The Signspotter: Tommy Wells
Candidate: Ward 6 Councilmember Tommy Wells, seeking re-election
Colors: A Fenty-ish green, sky blue, white
Graphic Elements: A silhouetted city skyline
Slogan: Tommy Wells: Building a livable, walkable city
Spotted: Capitol Hill
Signspotter says: Wells may have the most substantive sign of the season, only one around that could double as the cover of a campaign manifesto. It's wordy, but it takes a stand: a pedestrian agenda is a real policy choice. This is a sign that can provoke a proper political argument. Yet for a candidate running on walkability, Wells stumbles by making the only readable part of his streetscape an unmemorable neighborhood roofline: gabled and flat and with the inexplicable hint of dome. Wouldn't a real walkability candidate find his beauty in the pavement and stoop, front-yard gardens, outdoor café tables thronging the sidewalks?
But Wells doesn't imagine "livability" the way the term is spoken by those who dream of a Zurich or Tokyo on the Anacostia. Perhaps fearing a backlash in parts of his district for trumpeting bourgeois quality-of-life priorities, Wells finds comfort in the old-timey, quaint aesthetic of the New Urbanists. "The pedestrian typography, the shoddy letterspacing (the O too close to the M, the W too far from the E), the ungraceful rendering of the skyline," observes illustrator and graphic designer Jorge Colombo. " It all has a homemade feel. No slicksters here: a rather earnest tone instead."
Photo by Sasha Issenberg







10:26 am
Agreed. It's the only sign that doesn't seem to just be about the candidate's name. There's a vision that goes with that name.
I disagree though about missing the mark with the skyline. It's pretty much the view of just about any neighborhood in Ward 6 -- you could even argue its the skyline you see while walking.

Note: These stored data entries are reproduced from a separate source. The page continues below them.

lemma commute_if_twisted_commute_with_shifts:
  fixes g m :: "complex^'n^'n"
  assumes g: "invertible g" and t12: "t1 \<noteq> t2"
    and l1: "(m + mat t1) ** g = smul l1 (g ** (m + mat t1))"
    and l2: "(m + mat t2) ** g = smul l2 (g ** (m + mat t2))"
  shows "g ** m = m ** g"
proof -
  have e1: "(m ** g)$i$j + t1 * g$i$j = l1 * ((g ** m)$i$j + t1 * g$i$j)" for i j
    using l1 by (simp add: vec_eq_iff matrix_add_rdistrib matrix_add_ldistrib mat_mult_eq_smul
        matrix_mult_mat_eq_smul)
  have e2: "(m ** g)$i$j + t2 * g$i$j = l2 * ((g ** m)$i$j + t2 * g$i$j)" for i j
    using l2 by (simp add: vec_eq_iff matrix_add_rdistrib matrix_add_ldistrib mat_mult_eq_smul
        matrix_mult_mat_eq_smul)
  have "g \<noteq> 0"
  proof
    assume "g = 0"
    then have "mat 1 = (0 :: complex^'n^'n)"
      using matrix_inv_right[OF g] by simp
    then have "mat 1 $ i0 $ i0 = (0::complex)" for i0 :: 'n
      by simp
    then show False
      by (simp add: mat_def)
  qed
  then obtain i0 j0 where gij: "g$i0$j0 \<noteq> 0"
    by (metis vec_eq_iff zero_index)
  show ?thesis
  proof (cases "l1 = l2")
    case True
    have "(t1 - t2) * g$i0$j0 = l1 * ((t1 - t2) * g$i0$j0)"
      using arg_cong2[where f="(-)", OF e1[of i0 j0] e2[of i0 j0]] True by (simp add: algebra_simps)
    then have "l1 = 1"
      using t12 gij by simp
    then show ?thesis
      using e1 by (simp add: vec_eq_iff)
  next
    case False
    define s where "s = ((l2 - 1) * t2 - (l1 - 1) * t1) / (l1 - l2)"
    have "(l1 - l2) * (g ** m)$i$j = ((l2 - 1) * t2 - (l1 - 1) * t1) * g$i$j" for i j
      using arg_cong2[where f="(-)", OF e1[of i j] e2[of i j]] by (simp add: algebra_simps)
    then have "g ** m = smul s g"
      using False by (simp add: vec_eq_iff s_def field_simps)
    then have "m = mat s"
      using matrix_inv_left[OF g] matrix_mul_assoc[of "matrix_inv g" g m]
      by (simp add: matrix_mult_smul smul_mat)
    then show ?thesis
      by (simp add: mat_mult_eq_smul matrix_mult_mat_eq_smul)
  qed
qed

subsection \<open>The bicentralizer of A\<close>

locale projective_centralizer =
  fixes H :: "(complex^'n^'n) set" and A :: "((complex^'n^'n) set) set"
  assumes H_subgroup: "sl_subgroup H" and H_irreducible: "irreducible_sl H"
    and A_subgroup: "psl_subgroup A" and A_subset_Zn: "A \<subseteq> Zn H"
begin

definition A_lift :: "(complex^'n^'n) set" where
  "A_lift = {a \<in> SL. pi_n a \<in> A}"

lemma H_subset_SL: "H \<subseteq> SL"
  using H_subgroup by (simp add: sl_subgroup_def)

lemma A_subset_PSL: "A \<subseteq> PSL"
  using A_subgroup by (simp add: psl_subgroup_def)

lemma A_lift_SL: "a \<in> A_lift \<Longrightarrow> a \<in> SL"
  by (simp add: A_lift_def)

lemma mat_1_in_A_lift: "mat 1 \<in> A_lift"
  using A_subgroup by (simp add: A_lift_def SL_one psl_subgroup_def)

lemma A_lift_mult: "a \<in> A_lift \<Longrightarrow> b \<in> A_lift \<Longrightarrow> a ** b \<in> A_lift"
  using A_subgroup by (simp add: A_lift_def SL_mult psl_subgroup_def flip: psl_mult_pi_n)

lemma A_lift_matrix_inv: "a \<in> A_lift \<Longrightarrow> matrix_inv a \<in> A_lift"
  using A_subgroup
  by (simp add: A_lift_def SL_matrix_inv SL_invertible psl_subgroup_def flip: psl_inv_pi_n)

lemma A_lift_comm_factor:
  assumes a: "a \<in> A_lift"
  shows "has_comm_factor H a (comm_factor a)" and "\<forall>h\<in>H. comm_factor a h \<noteq> 0"
proof -
  have "pi_n a \<in> Zn H"
    using a A_subset_Zn by (auto simp: A_lift_def)
  then have "\<forall>h\<in>H. psl_mult (pi_n h) (pi_n a) = psl_mult (pi_n a) (pi_n h)"
    by (auto simp: Zn_def psl_centralizer_def)
  then show "has_comm_factor H a (comm_factor a)" and "\<forall>h\<in>H. comm_factor a h \<noteq> 0"
    using has_comm_factor_comm_factor[OF A_lift_SL[OF a] H_subset_SL] by auto
qed

lemma finite_comm_factors_A_lift: "finite ((\<lambda>a. restrict (comm_factor a) H) ` A_lift)"
proof (rule ccontr)
  define \<rho> where "\<rho> a = restrict (comm_factor a) H" for a
  let ?r = "inv_into A_lift \<rho>"
  assume "infinite ((\<lambda>a. restrict (comm_factor a) H) ` A_lift)"
  then obtain K where K: "finite K" "card K = Suc DIM(complex^'n^'n)" "K \<subseteq> \<rho> ` A_lift"
    using infinite_arbitrarily_large unfolding \<rho>_def by blast
  have r: "?r \<kappa> \<in> A_lift" "\<rho> (?r \<kappa>) = \<kappa>" if "\<kappa> \<in> K" for \<kappa>
    using that K(3) by (auto intro: inv_into_into f_inv_into_f)
  have "card (?r ` K) \<le> DIM(complex^'n^'n)"
  proof (rule card_le_DIM_if_distinct_comm_factors[OF H_subset_SL])
    show "finite (?r ` K)" using K(1) by simp
    show "0 \<notin> ?r ` K"
      using r(1) A_lift_SL SL_nonzero by fastforce
    show "\<forall>x\<in>?r ` K. has_comm_factor H x (comm_factor x)"
      using r(1) A_lift_comm_factor(1) by blast
    show "inj_on (\<lambda>x. restrict (comm_factor x) H) (?r ` K)"
    proof (rule inj_onI)
      fix x y assume "x \<in> ?r ` K" "y \<in> ?r ` K" "restrict (comm_factor x) H = restrict (comm_factor y) H"
      then show "x = y"
        using r(2) unfolding \<rho>_def by force
    qed
  qed
  moreover have "inj_on ?r K"
    using K(3) by (rule inj_on_inv_into)
  ultimately show False
    using K(2) by (simp add: card_image)
qed

lemma finite_A_lift: "finite A_lift"
proof -
  define \<rho> where "\<rho> a = restrict (comm_factor a) H" for a
  let ?r = "inv_into A_lift \<rho>"
  have "A_lift \<subseteq> (\<lambda>(c, b). smul c b) ` ({c. c ^ CARD('n) = 1} \<times> ?r ` \<rho> ` A_lift)"
  proof
    fix a assume a: "a \<in> A_lift"
    let ?b = "?r (\<rho> a)"
    have b: "?b \<in> A_lift" "\<rho> ?b = \<rho> a"
      using a by (auto intro: inv_into_into f_inv_into_f)
    have "comm_factor ?b h = comm_factor a h" if "h \<in> H" for h
      using fun_cong[OF b(2), of h] that by (simp add: \<rho>_def)
    then have "has_comm_factor H ?b (comm_factor a)"
      using A_lift_comm_factor(1)[OF b(1)] by (simp add: has_comm_factor_def)
    then obtain k where "a = smul (xi TYPE('n) ^ k) ?b"
      using same_comm_factor_imp_xi_multiple[OF H_irreducible A_lift_SL[OF a] A_lift_SL[OF b(1)]]
        A_lift_comm_factor[OF a] by blast
    moreover have "(xi TYPE('n) ^ k, ?b) \<in> {c. c ^ CARD('n) = 1} \<times> ?r ` \<rho> ` A_lift"
      using a by (auto simp: xi_power_card)
    ultimately show "a \<in> (\<lambda>(c, b). smul c b) ` ({c. c ^ CARD('n) = 1} \<times> ?r ` \<rho> ` A_lift)"
      by force
  qed
  moreover have "finite {c::complex. c ^ CARD('n) = 1}"
    by (intro finite_roots_unity) simp
  ultimately show ?thesis
    using finite_comm_factors_A_lift unfolding \<rho>_def by (meson finite_SigmaI finite_imageI finite_subset)
qed

abbreviation ZA :: "((complex^'n^'n) set) set" where
  "ZA \<equiv> psl_centralizer A"

lemma pi_n_in_ZA_iff:
  assumes "x \<in> SL"
  shows "pi_n x \<in> ZA \<longleftrightarrow> (\<forall>a\<in>A_lift. pi_n (x ** a) = pi_n (a ** x))"
  using pi_n_in_psl_centralizer_iff[OF A_subset_PSL assms] by (auto simp: A_lift_def)

lemma pi_n_H_in_ZA:
  assumes h: "h \<in> H"
  shows "pi_n h \<in> ZA"
proof -
  have "pi_n h \<in> PSL"
    using h H_subset_SL by (auto simp: PSL_def)
  moreover have "\<forall>X\<in>A. psl_mult (pi_n h) X = psl_mult X (pi_n h)"
    using A_subset_Zn h by (auto simp: Zn_def psl_centralizer_def)
  ultimately show ?thesis
    by (simp add: psl_centralizer_def)
qed

lemma bicentralizer_comm_factor:
  assumes g: "g \<in> SL" and gZ: "pi_n g \<in> psl_centralizer ZA"
  shows "has_comm_factor H g (comm_factor g)" and "\<forall>h\<in>H. comm_factor g h \<noteq> 0"
proof -
  have "\<forall>h\<in>H. psl_mult (pi_n h) (pi_n g) = psl_mult (pi_n g) (pi_n h)"
    using gZ pi_n_H_in_ZA by (simp add: psl_centralizer_def)
  then show "has_comm_factor H g (comm_factor g)" and "\<forall>h\<in>H. comm_factor g h \<noteq> 0"
    using has_comm_factor_comm_factor[OF g H_subset_SL] by auto
qed

lemma bicentralizer_twisted_commute_with_shift:
  assumes g: "g \<in> SL" and gZ: "pi_n g \<in> psl_centralizer ZA"
    and m: "\<forall>a\<in>A_lift. m ** a = a ** m" and t: "invertible (m + mat t)"
  obtains l where "(m + mat t) ** g = smul l (g ** (m + mat t))"
proof -
  let ?x = "m + mat t"
  have det: "det ?x \<noteq> 0"
    using t invertible_det_nz by blast
  obtain c where c: "c ^ CARD('n) = inverse (det ?x)"
    using complex_nth_root_exists[of "inverse (det ?x)" "CARD('n)"] det by auto
  then have c0: "c \<noteq> 0"
    using det by (auto simp: zero_power)
  let ?u = "smul c ?x"
  have "?u \<in> SL"
    using c det by (simp add: SL_def det_smul)
  moreover have "?u ** a = a ** ?u" if "a \<in> A_lift" for a
    using m that
    by (simp add: matrix_add_rdistrib matrix_add_ldistrib mat_mult_eq_smul matrix_mult_mat_eq_smul
        smul_matrix_mult matrix_mult_smul)
  ultimately have "pi_n ?u \<in> ZA"
    by (simp add: pi_n_in_ZA_iff)
  then have "psl_mult (pi_n g) (pi_n ?u) = psl_mult (pi_n ?u) (pi_n g)"
    using gZ by (simp add: psl_centralizer_def)
  then obtain k where "?u ** g = smul (xi TYPE('n) ^ k) (g ** ?u)"
    unfolding pi_n_commute_iff by blast
  then have "smul c (?x ** g) = smul c (smul (xi TYPE('n) ^ k) (g ** ?x))"
    by (simp add: smul_matrix_mult matrix_mult_smul mult.commute)
  then show thesis
    using that smul_left_cancel[OF c0] by blast
qed

lemma bicentralizer_commutes_with_commutant:
  assumes g: "g \<in> SL" and gZ: "pi_n g \<in> psl_centralizer ZA"
    and m: "\<forall>a\<in>A_lift. m ** a = a ** m"
  shows "g ** m = m ** g"
proof -
  define K where "K = (\<Sum>i\<in>UNIV. \<Sum>j\<in>UNIV. norm (m$i$j))"
  have "K \<ge> 0"
    unfolding K_def by (intro sum_nonneg) auto
  then have "invertible (m + mat (of_real (K + 1)))" and "invertible (m + mat (of_real (K + 2)))"
    by (auto intro!: invertible_add_mat_if_large simp: K_def[symmetric])
  then obtain l1 l2
    where l1: "(m + mat (of_real (K + 1))) ** g = smul l1 (g ** (m + mat (of_real (K + 1))))"
      and l2: "(m + mat (of_real (K + 2))) ** g = smul l2 (g ** (m + mat (of_real (K + 2))))"
    using bicentralizer_twisted_commute_with_shift[OF g gZ m] by metis
  show ?thesis
    by (rule commute_if_twisted_commute_with_shifts[OF SL_invertible[OF g] _ l1 l2]) simp
qed

lemma conjugation_sum_commutes:
  assumes b: "b \<in> A_lift"
  shows "(\<Sum>a\<in>A_lift. a ** y ** matrix_inv a) ** b = b ** (\<Sum>a\<in>A_lift. a ** y ** matrix_inv a)"
proof -
  let ?m = "\<Sum>a\<in>A_lift. a ** y ** matrix_inv a"
  have binv: "b ** matrix_inv b = mat 1" "matrix_inv b ** b = mat 1"
    using matrix_inv_right matrix_inv_left SL_invertible[OF A_lift_SL[OF b]] by auto
  have "bij_betw (\<lambda>a. b ** a) A_lift A_lift"
  proof (rule bij_betwI[where g="\<lambda>a. matrix_inv b ** a"])
    show "(\<lambda>a. b ** a) \<in> A_lift \<rightarrow> A_lift" "(\<lambda>a. matrix_inv b ** a) \<in> A_lift \<rightarrow> A_lift"
      using b A_lift_mult A_lift_matrix_inv by auto
  qed (simp_all add: matrix_mul_assoc binv)
  then have "?m = (\<Sum>a\<in>A_lift. (b ** a) ** y ** matrix_inv (b ** a))"
    by (rule sum.reindex_bij_betw[symmetric])
  also have "\<dots> = b ** ?m ** matrix_inv b"
    unfolding matrix_mult_sum_distrib sum_matrix_mult_distrib
  proof (rule sum.cong[OF refl])
    fix a assume "a \<in> A_lift"
    then have "matrix_inv (b ** a) = matrix_inv a ** matrix_inv b"
      using b A_lift_SL SL_invertible matrix_inv_mult by blast
    then show "b ** a ** y ** matrix_inv (b ** a) = b ** (a ** y ** matrix_inv a) ** matrix_inv b"
      by (simp add: matrix_mul_assoc)
  qed
  finally have "?m ** b = b ** ?m ** matrix_inv b ** b"
    by simp
  then show ?thesis
    by (simp add: matrix_mul_assoc[symmetric] binv)
qed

If you're going to give the marketplace for the color green to Fenty, what about the blue skyline? Looks awfully similar to the color on Gray's signs.
12:00 pm
Like the sign in general...Especially it stating a position re: walkable city. Whether that's important to non-white ward 6 residents is questionable. Find "city council" belittling, expecting instead "d.c. council", which most Council members/candidates use.